As time went on and evacuation procedures became easier, McCloskey received nearly all of the evacuees from the European theaters, as many as they could handle in the surgical field. There were times when 20 to 30 planes would land at the Temple airport during the day and some late in the evening bringing casualties directly from the small field hospitals. According to Jaworski, the mortality rate was remarkably low. McCloskey received 3 presidential citations and was complimented by the surgeon general. Dr. Jaworski was reassigned to the Philippines and left McCloskey in 1945.
Temple and McCloskey were also home to German POWs during the war. In August 1943, a group of wounded Italian and German soldiers were shipped to McCloskey from campaigns in Sicily and North Africa. The Germans and Italians did not get along so the Italians were sent elsewhere. The prisoner-of-war camp was located at the main campus of Temple College on the west side of South 1st Street. Victor Schulze wrote in his book that “there was a large barbed wire fence surrounding the compound with guards at the main gate.” Marvin Venable who was provost marshal of the militia stationed in Temple at that time said that all records about the POW camp were classified so few written records are available about the camp or prisoners. The 1944 annual report of the hospital indicated that POW wards existed in the hospital, and that 563 prisoner-of-war patients were admitted and 483 were discharged that year.
In 1945, noted sociologist, Oscar Lewis, wrote a series of articles based on a survey of rural conditions and home life in Bell County. One article appeared in the Belton Journal, October 11, 1945. He said, “The impact of the war on Bell County has been profound. Large- scale enterprises employing thousands of workers have come into or near the county since the war. The most important of these are Camp Hood, the McCloskey General Hospital, and the Bluebonnet Ordnance Plant in McGregor. These establishments… have created a great demand for labor and have drawn larger numbers away from the farms. It is estimated that approximately 400 farms have been abandoned since the war. Despite the movement away from the farms and the resultant farm labor shortage, crop acreage and production in 1944 was about equal to that of 1940. This was accomplished by increased mechanization and recruiting townspeople and soldiers’ wives to help with harvesting and cotton picking. Farmers are working harder and farmers’ wives are taking on a much greater share of the farm work.
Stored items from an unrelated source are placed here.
lemma ode_system_vanishes_backward:
  fixes x x' :: "'a \<Rightarrow> real \<Rightarrow> real"
  assumes "finite A"
    and deriv: "\<And>\<alpha> t. \<alpha> \<in> A \<Longrightarrow> t \<in> {a..b} \<Longrightarrow> (x \<alpha> has_real_derivative x' \<alpha> t) (at t within {a..b})"
    and bound: "\<And>\<alpha> t. \<alpha> \<in> A \<Longrightarrow> t \<in> {a..b} \<Longrightarrow> \<bar>x' \<alpha> t\<bar> \<le> K * (\<Sum>\<beta>\<in>A. \<bar>x \<beta> t\<bar>)"
    and final: "\<And>\<alpha>. \<alpha> \<in> A \<Longrightarrow> x \<alpha> b = 0"
    and "\<alpha> \<in> A" "t \<in> {a..b}"
  shows "x \<alpha> t = 0"
proof -
  define y where "y t = (\<Sum>\<beta>\<in>A. (x \<beta> t)\<^sup>2)" for t
  define y' where "y' t = (\<Sum>\<beta>\<in>A. 2 * x \<beta> t * x' \<beta> t)" for t
  have deriv_y: "(y has_real_derivative y' t) (at t within {a..b})" if "t \<in> {a..b}" for t
    unfolding y_def y'_def
  proof (rule DERIV_sum)
    fix \<beta>
    assume "\<beta> \<in> A"
    from DERIV_power[OF deriv[OF this that], of 2]
    show "((\<lambda>s. (x \<beta> s)\<^sup>2) has_real_derivative 2 * x \<beta> t * x' \<beta> t) (at t within {a..b})"
      by (simp add: mult_ac)
  qed
  have growth: "y' t \<ge> - (2 * \<bar>K\<bar> * card A) * y t" if "t \<in> {a..b}" for t
  proof -
    define S where "S = (\<Sum>\<beta>\<in>A. \<bar>x \<beta> t\<bar>)"
    have "\<bar>x' \<beta> t\<bar> \<le> \<bar>K\<bar> * S" if "\<beta> \<in> A" for \<beta>
      using bound[OF that \<open>t \<in> {a..b}\<close>] abs_ge_self[of K] sum_nonneg[of A "\<lambda>\<beta>. \<bar>x \<beta> t\<bar>"]
      unfolding S_def by (smt (verit) mult_right_mono)
    then have "\<bar>y' t\<bar> \<le> (\<Sum>\<beta>\<in>A. 2 * \<bar>x \<beta> t\<bar> * (\<bar>K\<bar> * S))"
      unfolding y'_def by (intro order.trans[OF sum_abs] sum_mono) (simp add: abs_mult mult_left_mono)
    also have "\<dots> = 2 * \<bar>K\<bar> * S * (\<Sum>\<beta>\<in>A. \<bar>x \<beta> t\<bar>)"
      by (simp add: sum_distrib_left mult_ac)
    also have "\<dots> = 2 * \<bar>K\<bar> * S\<^sup>2"
      by (simp add: S_def power2_eq_square)
    also have "\<dots> \<le> 2 * \<bar>K\<bar> * (card A * y t)"
      using sum_squared_le_sum_of_squares[of "\<lambda>\<beta>. \<bar>x \<beta> t\<bar>" A]
      by (intro mult_left_mono) (simp_all add: S_def y_def mult.commute)
    finally show ?thesis
      by (simp add: mult_ac)
  qed
  have "y b = 0"
    using final by (simp add: y_def)
  moreover have "y s \<ge> 0" for s
    unfolding y_def by (simp add: sum_nonneg)
  ultimately have "y t = 0"
    using nonneg_vanishes_backward[OF deriv_y _ growth] \<open>t \<in> {a..b}\<close> by simp
  then have "\<forall>\<beta>\<in>A. (x \<beta> t)\<^sup>2 = 0"
    unfolding y_def using \<open>finite A\<close> by (subst (asm) sum_nonneg_eq_0_iff) auto
  then show ?thesis
    using \<open>\<alpha> \<in> A\<close> by simp
qed

lemma abs_linear_plus_quadratic_le:
  fixes x L :: "'a \<Rightarrow> real" and N :: "'a \<Rightarrow> 'a \<Rightarrow> real"
  assumes "finite A" "H \<subseteq> A"
    and bounded: "\<And>\<beta>. \<beta> \<in> A \<Longrightarrow> \<bar>x \<beta>\<bar> \<le> C"
    and L: "\<And>\<beta>. \<beta> \<in> A - H \<Longrightarrow> L \<beta> = 0"
    and N: "\<And>\<beta> \<gamma>. \<beta> \<in> A - H \<Longrightarrow> \<gamma> \<in> A - H \<Longrightarrow> N \<beta> \<gamma> = 0"
  shows "\<bar>(\<Sum>\<beta>\<in>A. x \<beta> * L \<beta>) + (\<Sum>\<beta>\<in>A. \<Sum>\<gamma>\<in>A. x \<beta> * x \<gamma> * N \<beta> \<gamma>)\<bar>
    \<le> ((\<Sum>\<beta>\<in>A. \<bar>L \<beta>\<bar>) + C * (\<Sum>\<beta>\<in>A. \<Sum>\<gamma>\<in>A. \<bar>N \<beta> \<gamma>\<bar>)) * (\<Sum>\<beta>\<in>H. \<bar>x \<beta>\<bar>)"
proof -
  define S where "S = (\<Sum>\<beta>\<in>H. \<bar>x \<beta>\<bar>)"
  have "finite H"
    using assms(1,2) by (rule finite_subset[rotated])
  then have S: "\<bar>x \<beta>\<bar> \<le> S" if "\<beta> \<in> H" for \<beta>
    unfolding S_def using that by (intro member_le_sum) auto
  have lin: "\<bar>x \<beta> * L \<beta>\<bar> \<le> \<bar>L \<beta>\<bar> * S" if "\<beta> \<in> A" for \<beta>
  proof (cases "\<beta> \<in> H")
    case True
    then have "\<bar>x \<beta>\<bar> * \<bar>L \<beta>\<bar> \<le> S * \<bar>L \<beta>\<bar>"
      using S by (intro mult_right_mono) auto
    then show ?thesis
      by (simp add: abs_mult mult.commute)
  next
    case False
    then show ?thesis
      using L that by simp
  qed
  have quad: "\<bar>x \<beta> * x \<gamma> * N \<beta> \<gamma>\<bar> \<le> C * \<bar>N \<beta> \<gamma>\<bar> * S" if "\<beta> \<in> A" "\<gamma> \<in> A" for \<beta> \<gamma>
  proof (cases "\<beta> \<in> H \<or> \<gamma> \<in> H")
    case True
    then have "\<bar>x \<beta>\<bar> * \<bar>x \<gamma>\<bar> \<le> C * S"
      using S bounded that by (smt (verit) abs_ge_zero mult.commute mult_mono)
    then have "\<bar>x \<beta>\<bar> * \<bar>x \<gamma>\<bar> * \<bar>N \<beta> \<gamma>\<bar> \<le> C * S * \<bar>N \<beta> \<gamma>\<bar>"
      by (rule mult_right_mono) simp
    then show ?thesis
      by (simp add: abs_mult mult_ac)
  next
    case False
    then show ?thesis
      using N that by simp
  qed
  have "\<bar>(\<Sum>\<beta>\<in>A. x \<beta> * L \<beta>) + (\<Sum>\<beta>\<in>A. \<Sum>\<gamma>\<in>A. x \<beta> * x \<gamma> * N \<beta> \<gamma>)\<bar>
      \<le> (\<Sum>\<beta>\<in>A. \<bar>x \<beta> * L \<beta>\<bar>) + (\<Sum>\<beta>\<in>A. \<Sum>\<gamma>\<in>A. \<bar>x \<beta> * x \<gamma> * N \<beta> \<gamma>\<bar>)"
    by (intro order.trans[OF abs_triangle_ineq] add_mono order.trans[OF sum_abs] sum_mono sum_abs)
  also have "\<dots> \<le> (\<Sum>\<beta>\<in>A. \<bar>L \<beta>\<bar> * S) + (\<Sum>\<beta>\<in>A. \<Sum>\<gamma>\<in>A. C * \<bar>N \<beta> \<gamma>\<bar> * S)"
    using lin quad by (intro add_mono sum_mono) auto
  also have "\<dots> = ((\<Sum>\<beta>\<in>A. \<bar>L \<beta>\<bar>) + C * (\<Sum>\<beta>\<in>A. \<Sum>\<gamma>\<in>A. \<bar>N \<beta> \<gamma>\<bar>)) * S"
    by (simp only: distrib_right sum_distrib_right sum_distrib_left mult.assoc)
  finally show ?thesis
    unfolding S_def .
qed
If Camp Hood and the McCloskey General Hospital continue to operate for many years after the war, as is expected, it will mean that a larger number of in-migrants will continue to come to the county, and this in turn will prolong the prosperity of the larger towns.
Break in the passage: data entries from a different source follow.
(* Let $n,m,q\ge 1$ and $\beta\in[0,1]$. Let $B_0\in\mathbb{R}^{n\times n}$ be symmetric positive definite and $U=B_0^{1/2}$ its symmetric positive definite square root. Let $X_f\in\mathbb{R}^{n\times m}$ and $P_f=X_fX_f^T$. Let $\hat H\in\mathbb{R}^{q\times n}$ be any real matrix, $\hat R\in\mathbb{R}^{q\times q}$ symmetric positive definite, and $K=\hat H^T\hat R^{-1}\hat H$. Let $U_h=\bigl[\sqrt{1-\beta}\,U\ \ \sqrt{\beta}\,X_f\bigr]\in\mathbb{R}^{n\times(n+m)}$ and $S_{P4D}=I_{n+m}+U_h^TKU_h$. Then \[ 1\le \kappa(S_{P4D})\le 1+\bigl[(1-\beta)\lambda_1(B_0)+\beta\lambda_1(P_f)\bigr]\lambda_1(K). \]
   Context: For a symmetric matrix $A$ of size $k\times k$, $\lambda_j(A)$ denotes its $j$-th largest eigenvalue ($\lambda_1$ largest, $\lambda_k$ smallest); for symmetric positive definite $A$, $\kappa(A)=\lambda_1(A)/\lambda_k(A)$. In the application, $P_f$ is an ensemble covariance with $X_f$ the scaled ensemble perturbation matrix, and $S_{P4D}$ is the Hessian of hybrid 4D-Var preconditioned by the control variable transform $\delta\boldsymbol{x}=U_h\delta\boldsymbol{v}$. *)

theory Defs
  imports "HOL-Analysis.Analysis"
begin

definition sym_mat :: "real^'n^'n \<Rightarrow> bool" where
  "sym_mat A \<longleftrightarrow> transpose A = A"

definition spd_mat :: "real^'n^'n \<Rightarrow> bool" where
  "spd_mat A \<longleftrightarrow> sym_mat A \<and> (\<forall>x::real^'n. x \<noteq> 0 \<longrightarrow> 0 < x \<bullet> (A *v x))"

definition eigenvalues :: "real^'n^'n \<Rightarrow> real set" where
  "eigenvalues A = {l. \<exists>v. v \<noteq> 0 \<and> A *v v = l *\<^sub>R v}"

text \<open>Largest / smallest eigenvalue (meaningful for symmetric matrices).\<close>
definition lambda_max :: "real^'n^'n \<Rightarrow> real" where
  "lambda_max A = Max (eigenvalues A)"

definition lambda_min :: "real^'n^'n \<Rightarrow> real" where
  "lambda_min A = Min (eigenvalues A)"

definition cond_num :: "real^'n^'n \<Rightarrow> real" where
  "cond_num A = lambda_max A / lambda_min A"

definition hybrid_Uh :: "real \<Rightarrow> real^'n^'n \<Rightarrow> real^'m^'n \<Rightarrow> real^('n + 'm)^'n" where
  "hybrid_Uh \<beta> U X = (\<chi> i j. case j of Inl k \<Rightarrow> sqrt (1 - \<beta>) * U $ i $ k
                                      | Inr k \<Rightarrow> sqrt \<beta> * X $ i $ k)"

end

theory Submission
  imports Defs
begin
In 1946, the Veterans Administration took control of the hospital. In 1967, the hospital buildings were modernized and dedicated. In the early 1980’s the hospital became affiliated with Texas A&M University College of Medicine. By the mid-1990’s the center added a nursing home care unit, a $25-million clinical expansion project, a new domiciliary, and a satellite out-patient clinic in Austin. At that time, the hospital boasted a staff of more than 14,000 which included more than 80 physicians and an active community volunteer program. It had a capacity of 510 hospital beds, 120 nursing home beds, and 408 domiciliary beds. The number of annual hospital admissions at that time was more than 8,000 with 190,000 out-patient visits.
Sources
Karimkhani, Denise. For Us the Living: a History of US Army McCloskey General Hospital, Temple, Texas, 2020.